Knowing when you are in an injection context will allow you to use the inject function to inject instances.

Class constructors

Every time the DI system instantiates a class, it does so in an injection context. This is handled by the framework itself. The constructor of the class is executed in that runtime context, which also allows injection of a token using the inject function.

class MyComponent  {  private service1: Service1;  private service2: Service2 = inject(Service2); // In context  constructor() {    this.service1 = inject(Service1) // In context  }}

Stack frame in context

Some APIs are designed to be run in an injection context. This is the case, for example, with router guards. This allows the use of inject within the guard function to access a service.
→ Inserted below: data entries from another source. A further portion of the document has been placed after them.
lemma lex_standard_avoiding_iff:
  assumes "m \<notin> \<sigma>"
  shows "\<sigma> \<in> lex_standard X \<longleftrightarrow>
    \<sigma> \<in> lex_standard (family_deletion X m) \<or> \<sigma> \<in> lex_standard (family_contraction X m)"
proof (cases "\<sigma> \<subseteq> {..<m}")
  case False
  then obtain x where x: "x \<in> \<sigma>" "\<not> x < m" by blast
  with assms have "m < x" by (cases "x = m") auto
  from lex_dependent_all_if_exceeds[OF x(1) this] show ?thesis by (simp add: lex_standard_def)
next
  case True
  have "family_deletion X m \<subseteq> X" by auto
  with True have "lex_dependent X \<sigma> \<longleftrightarrow>
      lex_dependent (family_deletion X m) \<sigma> \<and> lex_dependent (family_contraction X m) \<sigma>"
    using lex_dependent_contraction_if_avoiding lex_dependent_avoiding_if_minors lex_dependent_subset
    by blast
  then show ?thesis by (simp add: lex_standard_def)
qed

lemma lex_standard_containing_iff:
  assumes "m \<notin> \<sigma>"
  shows "insert m \<sigma> \<in> lex_standard X \<longleftrightarrow>
    \<sigma> \<in> lex_standard (family_deletion X m) \<and> \<sigma> \<in> lex_standard (family_contraction X m)"
proof (cases "\<sigma> \<subseteq> {..<m}")
  case False
  then obtain x where x: "x \<in> \<sigma>" "\<not> x < m" by blast
  with assms have "m < x" by (cases "x = m") auto
  moreover have "lex_dependent X (insert m \<sigma>)"
    using x(1) \<open>m < x\<close> by (intro lex_dependent_all_if_exceeds(1)[of x]) simp_all
  ultimately show ?thesis
    using lex_dependent_all_if_exceeds[OF x(1)] by (simp add: lex_standard_def)
next
  case True
  then show ?thesis
    using lex_dependent_minor_if_containing lex_dependent_containing_if_deletion
      lex_dependent_containing_if_contraction
    unfolding lex_standard_def by blast
qed

end

definition lex_lift :: "nat set set \<Rightarrow> nat \<Rightarrow> nat set \<Rightarrow> nat set" where
  "lex_lift X m \<tau> = (if \<tau> \<in> lex_standard (family_deletion X m) then insert m \<tau> else \<tau>)"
Here is an example for CanActivateFn

const canActivateTeam: CanActivateFn =    (route: ActivatedRouteSnapshot, state: RouterStateSnapshot) => {      return inject(PermissionsService).canActivate(inject(UserToken), route.params.id);    };

Run within an injection context

When you want to run a given function in an injection context without already being in one, you can do so with runInInjectionContext. This requires access to a given injector, like the EnvironmentInjector, for example:

src/app/heroes/hero.service.ts

@Injectable({  providedIn: 'root',})export class HeroService {  private environmentInjector = inject(EnvironmentInjector);  someMethod() {    runInInjectionContext(this.environmentInjector, () => {      inject(SomeService); // Do what you need with the injected service    });  }}

Note that inject will return an instance only if the injector can resolve the required token.

Asserts the context

Angular provides the assertInInjectionContext helper function to assert that the current context is an injection context and throws a clear error if not. Pass a reference to the calling function so the error message points to the correct API entry point. This produces a clearer, more actionable message than the default generic injection error.

import { ElementRef, assertInInjectionContext, inject } from '@angular/core';export function injectNativeElement<T extends Element>(): T {    assertInInjectionContext(injectNativeElement);    return inject(ElementRef).nativeElement;}

You can then call this helper from an injection context (constructor, field initializer, provider factory, or code executed via runInInjectionContext):

import { Component, inject } from '@angular/core';import { injectNativeElement } from './dom-helpers';@Component({ /* … */ })export class PreviewCard {  readonly hostEl = injectNativeElement<HTMLElement>(); // Field initializer runs in an injection context.  onAction() {    const anotherRef = injectNativeElement<HTMLElement>(); // Fails: runs outside an injection context.  }}

Using DI outside of a context

Calling inject or calling assertInInjectionContext outside of an injection context will throw error NG0203.